The Cathedral of Palermo was built by the Norman Kings, in the place where a mosque had been erected by the muslim governors of Sicily. The church has many features recalling the norman churches in northern France and in England, whilst some others are due to the contamination of norman, muslim and byzantine culture, that is peculiar of the so-called “arab-norman” architecture of medieval Sicily. In the XVIth century the Cathedral has been enriched by additions that did not affect its medieval features: a portico and a sacristy on the southern front, a sculptural decoration in the main apse.
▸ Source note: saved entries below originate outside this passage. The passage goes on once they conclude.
(* Let $\mathbf{S}=(1^{n_1},\ast^{m_1},\ldots,1^{n_r},\ast^{m_r})$ with $r\ge1$, all $n_j,m_j\ge1$ and $n_1+\cdots+n_r=m_1+\cdots+m_r=n$ (so $\mathbf{S}$ is a balanced string of length $2n$ with $r$ runs). Then \[ |NC_2(\mathbf{S})|\le\frac{r^{r-1}}{r!}(1+n)^{r-1}. \]
   Context: $1^k$ denotes $k$ consecutive entries $1$ (similarly $\ast^k$). $NC_2(\mathbf{S})$ is the set of non-crossing pairings of the $2n$ positions of $\mathbf{S}$ in which each pair joins a position carrying $1$ with a position carrying $\ast$. *)

theory Defs
  imports Complex_Main
begin

text \<open>Strings over the alphabet {1, *}: True encodes 1, False encodes *.\<close>

definition run_string :: "nat list \<Rightarrow> nat list \<Rightarrow> bool list" where
  "run_string ns ms = concat (map2 (\<lambda>a b. replicate a True @ replicate b False) ns ms)"

definition NC2 :: "bool list \<Rightarrow> (nat \<times> nat) set set" where
  "NC2 S = {P. P \<subseteq> {(i, j). i < j \<and> j < length S}
              \<and> (\<forall>k < length S. \<exists>!p \<in> P. fst p = k \<or> snd p = k)
              \<and> (\<forall>(i, j) \<in> P. S ! i \<noteq> S ! j)
              \<and> (\<forall>(a, c) \<in> P. \<forall>(b, d) \<in> P. \<not> (a < b \<and> b < c \<and> c < d))}"

end

theory Submission
  imports Defs
begin
(* Let $\Theta\sim U[0,1]$ and let $T^{2,1,\Theta}$, $T^{2,2,\Theta}$ be the random policies with $T^{2,1,\Theta}_i=\mathcal{R}_{2,1,\Theta}(T_i^* )$ and $T^{2,2,\Theta}_i=\mathcal{R}_{2,2,\Theta}(T_i^* )$ for $i\in[n]$. Then $\mathbb{E}_\Theta\big[\min\{F(T^{2,1,\Theta}),F(T^{2,2,\Theta})\}\big]\le 1.2585\cdot\mathrm{OPT}(P)$.
   Context: An instance consists of integers $n\ge 1$, $D\ge 1$; a joint ordering cost $K_0>0$; for each commodity $i\in[n]$ an ordering cost $K_i>0$ and a holding coefficient $H_i>0$; and resource coefficients $\alpha_{id}\ge 0$. A policy is $T=(T_1,\dots,T_n)\in\mathbb{R}_{>0}^n$; it is resource-feasible if $\sum_{i}\alpha_{id}/T_i\le 1$ for every $d\in[D]$. For $g>0$, $\Delta\ge 0$, $\mathcal{M}_{g,\Delta}=\{0,g,\dots,\lfloor\Delta/g\rfloor g\}$; $N(T,\Delta)=|\bigcup_{i}\mathcal{M}_{T_i,\Delta}|$; $J(T)=K_0\limsup_{\Delta\to\infty}N(T,\Delta)/\Delta$; $F(T)=J(T)+\sum_i(K_i/T_i+H_iT_i)$. The convex relaxation (P) is: minimize $K_0/T_{\min}+\sum_{i\in[n]}(K_i/T_i+H_iT_i)$ over $(T_{\min},T_1,\dots,T_n)$ subject to $T_i\ge T_{\min}\ge0$ for all $i$ and $\sum_i\alpha_{id}/T_i\le1$ for all $d$. $\mathrm{OPT}(P)$ is its optimal value and $T^*=(T^*_{\min},T^*_1,\dots,T^*_n)$ is a fixed optimal solution (with $T^*_{\min}>0$). For integers $m\ge2$, $k\ge1$ and $\theta\in[0,1]$: $\mathcal{G}_{m,k,\theta}=\{m^{(p+\theta)/k}T^*_{\min}:p\in\mathbb{Z}\}$ and $\mathcal{R}_{m,k,\theta}(t)=\min\{g\in\mathcal{G}_{m,k,\theta}:g>t\}$ for $t>0$. *)

theory Defs
  imports "HOL-Analysis.Analysis"
begin

text \<open>Commodities are indexed by 1..n, resources by 1..D. A policy is a function
  nat => real of which only the values on 1..n matter.\<close>

definition mult_set :: "real \<Rightarrow> real \<Rightarrow> real set" where
  "mult_set g \<Delta> = (\<lambda>k::nat. real k * g) ` {0..nat \<lfloor>\<Delta> / g\<rfloor>}"

definition Ncount :: "nat \<Rightarrow> (nat \<Rightarrow> real) \<Rightarrow> real \<Rightarrow> nat" where
  "Ncount n T \<Delta> = card (\<Union>i\<in>{1..n}. mult_set (T i) \<Delta>)"

definition Jcost :: "nat \<Rightarrow> real \<Rightarrow> (nat \<Rightarrow> real) \<Rightarrow> real" where
  "Jcost n K0 T = K0 * real_of_ereal
     (Limsup at_top (\<lambda>\<Delta>::real. ereal (real (Ncount n T \<Delta>) / \<Delta>)))"

definition Fcost :: "nat \<Rightarrow> real \<Rightarrow> (nat \<Rightarrow> real) \<Rightarrow> (nat \<Rightarrow> real) \<Rightarrow> (nat \<Rightarrow> real) \<Rightarrow> real" where
  "Fcost n K0 K H T = Jcost n K0 T + (\<Sum>i\<in>{1..n}. K i / T i + H i * T i)"

text \<open>Relaxation (P). The variable is a pair (Tmin, T). The objective K0/Tmin is +infinity
  at Tmin = 0, so feasibility is taken with Tmin > 0.\<close>

definition P_feasible :: "nat \<Rightarrow> nat \<Rightarrow> (nat \<Rightarrow> nat \<Rightarrow> real) \<Rightarrow> real \<Rightarrow> (nat \<Rightarrow> real) \<Rightarrow> bool" where
  "P_feasible n D \<alpha> Tmin T \<longleftrightarrow> 0 < Tmin \<and> (\<forall>i\<in>{1..n}. Tmin \<le> T i) \<and>
     (\<forall>d\<in>{1..D}. (\<Sum>i\<in>{1..n}. \<alpha> i d / T i) \<le> 1)"
lemma niche_edges_fan:
  assumes "r \<ge> 2" and "a \<le> r" and "b \<le> r"
  shows "niche_edges (fan_vertices r a b) (fan_arcs r a b) = fan_edges r a b"
proof
  let ?V = "fan_vertices r a b" and ?A = "fan_arcs r a b"
  show "niche_edges ?V ?A \<subseteq> fan_edges r a b"
  proof
    fix e assume "e \<in> niche_edges ?V ?A"
    then obtain v where e: "card e \<ge> 2" and v: "v \<in> ?V"
      and ev: "e = in_nbrs ?A v \<or> e = out_nbrs ?A v"
      by (auto simp: niche_edges_def)
    from v show "e \<in> fan_edges r a b"
    proof (cases rule: fan_vertices_cases)
      case (wleaf i t)
      then have "e \<subseteq> {wv i}" using ev leaf_nbrs_subset(1,2) by blast
      with e show ?thesis using card_le_1_if_subset_singleton by fastforce
    next
      case (uleaf i t)
      then have "e \<subseteq> {uv i}" using ev leaf_nbrs_subset(3,4) by blast
      with e show ?thesis using card_le_1_if_subset_singleton by fastforce
    qed (use ev e in \<open>auto simp: fan_nbrs fan_edges_def split: if_splits\<close>)
  qed
  show "fan_edges r a b \<subseteq> niche_edges ?V ?A"
  proof
    fix e assume e: "e \<in> fan_edges r a b"
    then have "e \<subseteq> ?V" "card e \<ge> 2"
      using hypergraph_fan[OF assms(1)] by (auto simp: hypergraph_def)
    moreover have "\<exists>v\<in>?V. e = in_nbrs ?A v \<or> e = out_nbrs ?A v"
    proof -
      from e consider "e = Wv r" | "e = Uv r" | i where "e = wfan r i" "i < a"
        | i where "e = ufan r i" "i < b"
        by (auto simp: fan_edges_def)
      then show ?thesis
      proof cases
        case 3
        then have "wv i \<in> ?V" "e = in_nbrs ?A (wv i)"
          using assms by (simp_all add: fan_nbrs)
        then show ?thesis by blast
      next
        case 4
        then have "uv i \<in> ?V" "e = out_nbrs ?A (uv i)"
          using assms by (simp_all add: fan_nbrs)
        then show ?thesis by blast
      qed (auto simp: fan_nbrs intro: bexI[of _ hub])
    qed
    ultimately show "e \<in> niche_edges ?V ?A" by (auto simp: niche_edges_def)
  qed
qed

theorem theorem3:
  fixes r s :: nat
  assumes "r \<ge> 3" and "3 \<le> s" and "s \<le> 2 * r"
  shows "\<exists>(V :: nat set) E. hypergraph V E \<and> uniform r E \<and> linear_hg E \<and> hypertree V E
           \<and> max_degree V E = s \<and> niche_number V E = 0"
proof -
  define a where "a = min s r"
  define b where "b = s - a"
  have r: "r \<ge> 2" and ab: "a \<le> r" "b \<le> r" "a + b = s" "a + b \<ge> 1"
    using assms by (auto simp: a_def b_def)
  show ?thesis
  proof (intro exI conjI)
    show "hypergraph (fan_vertices r a b) (fan_edges r a b)"
      using r by (rule hypergraph_fan)
    show "uniform r (fan_edges r a b)"
      using r by (intro uniform_fan_edges) simp
    show "linear_hg (fan_edges r a b)"
      using fan_edges_meet_at_hub by (rule linear_hg_if_meet_in_point)
    show "hypertree (fan_vertices r a b) (fan_edges r a b)"
      using r by (intro hypertree_fan) simp
    show "max_degree (fan_vertices r a b) (fan_edges r a b) = s"
      using max_degree_fan[OF r ab(4)] ab(3) by simp
    show "niche_number (fan_vertices r a b) (fan_edges r a b) = 0"
      using acyclic_digraph_fan[OF ab(1,2)] niche_edges_fan[OF r ab(1,2)]
      by (rule niche_number_eq_0I)
  qed
qed

end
It was at the end of the XVIIIth century that the church underwent huge and extensive transformations, that deeply altered its original shape.What remains of the “enriched” Medieval church are some perspective drawings from the XVIIIth century, that cannot be used as a source for metric or proportional data, since they were commissioned when particular religious offices were celebrated, and their purpose was simply the celebration of the magnificence of the church.The Cathedral has been surveyed with topographic and laser scanning devices; some decorative elements have been surveyed with a structured light scanner.The purpose of the survey is to detect, in the actual church, all the elements survived to the transformations, and propose a virtual reconstruction of some features of monument before the end of the XVIIIth century.3D modeling from survey data and features depicted in historic drawings have been integrated so to achieve a correct historic interpretation and a properly-dimensioned virtual reconstruction.Spherical images of the 3D reconstructive model and of the Cathedral in its actual shape have been superimposed so to highlight the differences and display hidden elements of the previous cathedral.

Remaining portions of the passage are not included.